Factors favouring Disclosure - Confirming the names of DEMS providers would be of interest to the public, namely give insight into the solutions used by the police to manage and store vast amounts of digital evidence.
Factors favouring Non-Disclosure - Measures are put in place to protect the community we serve and as evidenced within the harm, to provide the information requested would allow individuals intent on disrupting law enforcement to target specific companies using the information obtained to maximise the impact.
Taking into account the current security climate within the United Kingdom, and the previous Eurofins cyber-attack, no information which may aid criminality should be disclosed.
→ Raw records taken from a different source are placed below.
definition DM_realizer :: "'a set \<Rightarrow> ('a \<Rightarrow> 'a \<Rightarrow> bool) \<Rightarrow> ('a \<times> 'a) set set \<Rightarrow> bool" where
  "DM_realizer X le F \<longleftrightarrow>
     (\<forall>R\<in>F. linear_order_on X R) \<and>
     (\<forall>x\<in>X. \<forall>y\<in>X. le x y \<longleftrightarrow> (\<forall>R\<in>F. (x, y) \<in> R))"

definition utility :: "'a set \<Rightarrow> ('a \<Rightarrow> 'a \<Rightarrow> bool) \<Rightarrow> ('a \<Rightarrow> real) set \<Rightarrow> bool" where
  "utility X le U \<longleftrightarrow> (\<forall>x\<in>X. \<forall>y\<in>X. le x y \<longleftrightarrow> (\<forall>u\<in>U. u x \<le> u y))"

definition Debreu_separable :: "'a set \<Rightarrow> ('a \<times> 'a) set \<Rightarrow> bool" where
  "Debreu_separable X R \<longleftrightarrow>
     (\<exists>N. N \<subseteq> X \<and> countable N \<and>
        (\<forall>x\<in>X. \<forall>y\<in>X. (x, y) \<in> R \<and> x \<noteq> y \<longrightarrow> (\<exists>n\<in>N. (x, n) \<in> R \<and> (n, y) \<in> R)))"

definition Debreu_realizer :: "'a set \<Rightarrow> ('a \<Rightarrow> 'a \<Rightarrow> bool) \<Rightarrow> ('a \<times> 'a) set set \<Rightarrow> bool" where
  "Debreu_realizer X le F \<longleftrightarrow> DM_realizer X le F \<and> (\<forall>R\<in>F. Debreu_separable X R)"

text \<open>The least cardinality of a member of S equals aleph_0: some member is countably
  infinite and every member is infinite.\<close>
definition least_card_aleph0 :: "'b set set \<Rightarrow> bool" where
  "least_card_aleph0 S \<longleftrightarrow> (\<exists>A\<in>S. countable A \<and> infinite A) \<and> (\<forall>A\<in>S. infinite A)"

definition least_card_ge_aleph0 :: "'b set set \<Rightarrow> bool" where
  "least_card_ge_aleph0 S \<longleftrightarrow> (\<forall>A\<in>S. infinite A)"

abbreviation dim_DM_eq_aleph0 :: "'a set \<Rightarrow> ('a \<Rightarrow> 'a \<Rightarrow> bool) \<Rightarrow> bool" where
  "dim_DM_eq_aleph0 X le \<equiv> least_card_aleph0 {F. DM_realizer X le F}"

abbreviation dim_HBG_eq_aleph0 :: "'a set \<Rightarrow> ('a \<Rightarrow> 'a \<Rightarrow> bool) \<Rightarrow> bool" where
  "dim_HBG_eq_aleph0 X le \<equiv> least_card_aleph0 {U. utility X le U}"

abbreviation dim_D_ge_aleph0 :: "'a set \<Rightarrow> ('a \<Rightarrow> 'a \<Rightarrow> bool) \<Rightarrow> bool" where
  "dim_D_ge_aleph0 X le \<equiv> least_card_ge_aleph0 {F. Debreu_realizer X le F}"

definition causal_le :: "real \<times> (real^'n) \<Rightarrow> real \<times> (real^'n) \<Rightarrow> bool" where
  "causal_le x y \<longleftrightarrow> fst y - fst x \<ge> norm (snd y - snd x)"

definition chrono_less :: "real \<times> (real^'n) \<Rightarrow> real \<times> (real^'n) \<Rightarrow> bool" where
  "chrono_less x y \<longleftrightarrow> fst y - fst x > norm (snd y - snd x)"

definition causal_diamond :: "real \<times> (real^'n) \<Rightarrow> real \<times> (real^'n) \<Rightarrow> (real \<times> (real^'n)) set" where
  "causal_diamond p q = {x. causal_le p x \<and> causal_le x q}"

end

theory Submission
  imports Defs
begin

(* The functions x \<mapsto> x\<^sub>0 - \<langle>e, x\<rangle> with e ranging over a countable subset of the unit ball
   that norms every vector are monotone for the causal order and jointly detect it, so they
   form a countable utility; refining each of them lexicographically by time and a
   well-ordering turns it into a countable realizer.
   Conversely, for k distinct unit vectors v i the events (0, v i) and (r, - v j), with
   r < 2 bounding every norm (v i + v j), i \<noteq> j, form the standard example S_k, and a scaled
   copy of it fits into every causal diamond with nonempty interior. A realizer or utility
   of S_k needs k members, so none of them can be finite. *)

definition contains_standard_examples :: "'a set \<Rightarrow> ('a \<Rightarrow> 'a \<Rightarrow> bool) \<Rightarrow> bool" where
  "contains_standard_examples X le \<longleftrightarrow>
     (\<forall>k::nat. \<exists>a b. (\<forall>i<k. a i \<in> X \<and> b i \<in> X)
        \<and> (\<forall>i<k. \<forall>j<k. i \<noteq> j \<longrightarrow> le (a i) (b j)) \<and> (\<forall>i<k. \<not> le (a i) (b i)))"

lemma contains_standard_examples_mono:
  assumes "contains_standard_examples X le" "X \<subseteq> Y"
  shows "contains_standard_examples Y le"
  unfolding contains_standard_examples_def
proof
  fix k :: nat
  from assms(1) obtain a b where "\<forall>i<k. a i \<in> X \<and> b i \<in> X"
      "\<forall>i<k. \<forall>j<k. i \<noteq> j \<longrightarrow> le (a i) (b j)" "\<forall>i<k. \<not> le (a i) (b i)"
    unfolding contains_standard_examples_def by blast
  with assms(2) show "\<exists>a b. (\<forall>i<k. a i \<in> Y \<and> b i \<in> Y)
      \<and> (\<forall>i<k. \<forall>j<k. i \<noteq> j \<longrightarrow> le (a i) (b j)) \<and> (\<forall>i<k. \<not> le (a i) (b i))"
    by blast
qed

lemma contains_standard_examplesE:
  fixes k :: nat
  assumes "contains_standard_examples X le"
  obtains a b where "\<And>i. i < k \<Longrightarrow> a i \<in> X \<and> b i \<in> X"
    "\<And>i j. i < k \<Longrightarrow> j < k \<Longrightarrow> i \<noteq> j \<Longrightarrow> le (a i) (b j)"
    "\<And>i. i < k \<Longrightarrow> \<not> le (a i) (b i)"
proof -
  from assms obtain a b where ab: "\<forall>i<k. a i \<in> X \<and> b i \<in> X"
      "\<forall>i<k. \<forall>j<k. i \<noteq> j \<longrightarrow> le (a i) (b j)" "\<forall>i<k. \<not> le (a i) (b i)"
    unfolding contains_standard_examples_def by blast
  then show thesis by (intro that[of a b]) auto
qed

lemma card_ge_if_separating:
  assumes "finite F" and "\<forall>i<k. \<exists>f\<in>F. P f i"
    and "\<And>f i j. f \<in> F \<Longrightarrow> i < k \<Longrightarrow> j < k \<Longrightarrow> P f i \<Longrightarrow> P f j \<Longrightarrow> i = j"
  shows "k \<le> card F"
proof -
  obtain g where g: "\<And>i. i < k \<Longrightarrow> g i \<in> F \<and> P (g i) i" using assms(2) by metis
  have "inj_on g {..<k}"
  proof (rule inj_onI)
    fix i j assume "i \<in> {..<k}" "j \<in> {..<k}" "g i = g j"
    then show "i = j" using g[of i] g[of j] assms(3)[of "g i" i j] by simp
  qed
  moreover have "g ` {..<k} \<subseteq> F" using g by auto
  ultimately show ?thesis using card_inj_on_le[of g "{..<k}" F] assms(1) by simp
qed

lemma linear_order_on_flip:
  assumes "linear_order_on X R" "x \<in> X" "y \<in> X" "(x, y) \<notin> R"
  shows "(y, x) \<in> R"
proof -
  have "x \<noteq> y" using assms(1,2,4) by (auto simp: linear_order_on_def partial_order_on_def
      preorder_on_def refl_on_def)
  with assms show ?thesis by (auto simp: linear_order_on_def total_on_def)
qed

text \<open>A member of a realizer reversing (a i, b i) cannot also reverse (a j, b j) for j \<noteq> i,
  as it would contain a i \<le> b j \<le> a j \<le> b i.\<close>

lemma DM_realizer_infinite:
  assumes F: "DM_realizer X le F" and S: "contains_standard_examples X le"
  shows "infinite F"
proof
  assume fin: "finite F"
  let ?k = "Suc (card F)"
  obtain a b where ab: "\<And>i. i < ?k \<Longrightarrow> a i \<in> X \<and> b i \<in> X"
      "\<And>i j. i < ?k \<Longrightarrow> j < ?k \<Longrightarrow> i \<noteq> j \<Longrightarrow> le (a i) (b j)"
      "\<And>i. i < ?k \<Longrightarrow> \<not> le (a i) (b i)"
    using contains_standard_examplesE[OF S, where k = ?k] by blast
  have lin: "\<And>R. R \<in> F \<Longrightarrow> linear_order_on X R"
    and eq: "\<And>x y. x \<in> X \<Longrightarrow> y \<in> X \<Longrightarrow> le x y \<longleftrightarrow> (\<forall>R\<in>F. (x, y) \<in> R)"
    using F unfolding DM_realizer_def by auto
  have "?k \<le> card F"
  proof (rule card_ge_if_separating[OF fin, where P = "\<lambda>R i. (a i, b i) \<notin> R"])
    show "\<forall>i<?k. \<exists>R\<in>F. (a i, b i) \<notin> R"
    proof (intro allI impI)
      fix i assume "i < ?k"
      with ab(1,3) eq show "\<exists>R\<in>F. (a i, b i) \<notin> R" by auto
    qed
  next
    fix R i j assume R: "R \<in> F" and ij: "i < ?k" "j < ?k"
      and nR: "(a i, b i) \<notin> R" "(a j, b j) \<notin> R"
    show "i = j"
    proof (rule ccontr)
      assume "i \<noteq> j"
      then have "(a i, b j) \<in> R" "(a j, b i) \<in> R" using ab(1,2) ij eq R by auto
      moreover have "(b j, a j) \<in> R"
        using linear_order_on_flip[OF lin[OF R]] ab(1)[OF ij(2)] nR(2) by simp
      moreover have "trans R"
        using lin[OF R] by (simp add: linear_order_on_def partial_order_on_def preorder_on_def)
      ultimately have "(a i, b i) \<in> R" by (meson transD)
      with nR show False by simp
    qed
  qed
  then show False by simp
qed

lemma utility_infinite:
  assumes U: "utility X le U" and S: "contains_standard_examples X le"
  shows "infinite U"
proof
  assume fin: "finite U"
  let ?k = "Suc (card U)"
  obtain a b where ab: "\<And>i. i < ?k \<Longrightarrow> a i \<in> X \<and> b i \<in> X"
      "\<And>i j. i < ?k \<Longrightarrow> j < ?k \<Longrightarrow> i \<noteq> j \<Longrightarrow> le (a i) (b j)"
      "\<And>i. i < ?k \<Longrightarrow> \<not> le (a i) (b i)"
    using contains_standard_examplesE[OF S, where k = ?k] by blast
  have eq: "\<And>x y. x \<in> X \<Longrightarrow> y \<in> X \<Longrightarrow> le x y \<longleftrightarrow> (\<forall>u\<in>U. u x \<le> u y)"
    using U unfolding utility_def by auto
  have "?k \<le> card U"
  proof (rule card_ge_if_separating[OF fin, where P = "\<lambda>u i. u (b i) < u (a i)"])
    show "\<forall>i<?k. \<exists>u\<in>U. u (b i) < u (a i)"
    proof (intro allI impI)
      fix i assume "i < ?k"
      with ab(1,3) eq show "\<exists>u\<in>U. u (b i) < u (a i)" by (auto simp: not_le)
    qed
  next
    fix u i j assume u: "u \<in> U" and ij: "i < ?k" "j < ?k"
      and lt: "u (b i) < u (a i)" "u (b j) < u (a j)"
    show "i = j"
    proof (rule ccontr)
      assume "i \<noteq> j"
      then have "u (a i) \<le> u (b j)" "u (a j) \<le> u (b i)" using ab(1,2) ij eq u by auto
      with lt show False by linarith
    qed
  qed
  then show False by simp
qed

lemma dims_aleph0_if_standard_examples:
  assumes S: "contains_standard_examples X le"
    and F: "DM_realizer X le F" "countable F" and U: "utility X le U" "countable U"
  shows "dim_DM_eq_aleph0 X le \<and> dim_HBG_eq_aleph0 X le \<and> dim_D_ge_aleph0 X le"
proof -
  have "\<forall>A\<in>{F. DM_realizer X le F}. infinite A" "\<forall>A\<in>{F. Debreu_realizer X le F}. infinite A"
    using DM_realizer_infinite[OF _ S] by (auto simp: Debreu_realizer_def)
  moreover have "\<forall>A\<in>{U. utility X le U}. infinite A" using utility_infinite[OF _ S] by auto
  moreover have "F \<in> {F. DM_realizer X le F}" "U \<in> {U. utility X le U}" using F U by auto
  ultimately show ?thesis
    unfolding least_card_aleph0_def least_card_ge_aleph0_def using F(2) U(2) by blast
qed

definition lex_order :: "'a set \<Rightarrow> ('a \<Rightarrow> real) \<Rightarrow> 'a rel \<Rightarrow> 'a rel" where
  "lex_order X f W = {(x, y). x \<in> X \<and> y \<in> X \<and> (f x < f y \<or> f x = f y \<and> (x, y) \<in> W)}"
It is clear that it would have an impact on a Force’s ability to carry out the core duty of enforcing the law and serving the community.
The public entrust the Police Service to make appropriate decisions with regard to their safety and protection and the only way of reducing risk is to be cautious with what is placed into the public domain.
Balance Test - The Police Service is charged with enforcing the law, preventing and detecting crime and protecting the communities we serve. In order to effectively and robustly carry out those duties, external services are utilised which are vital to investigating criminal activity. Weakening the mechanisms used to investigate any type of criminal activity would have a detrimental impact on law enforcement as a whole. To provide the information requested, despite the known risks of cyber-attacks, would undermine any trust or confidence the public have in the Police Service. Therefore, at this moment in time, it is our opinion that the balance test favours against disclosure.
Pursuant to Section 17(1) of the Act this letter acts as a Refusal Notice in response to part of your request.
Please note that systems used for recording information are not generic, nor are the procedures used locally in capturing the data. It should be noted therefore that this force’s response to your questions should not be used for comparison purposes with any other responses you may receive.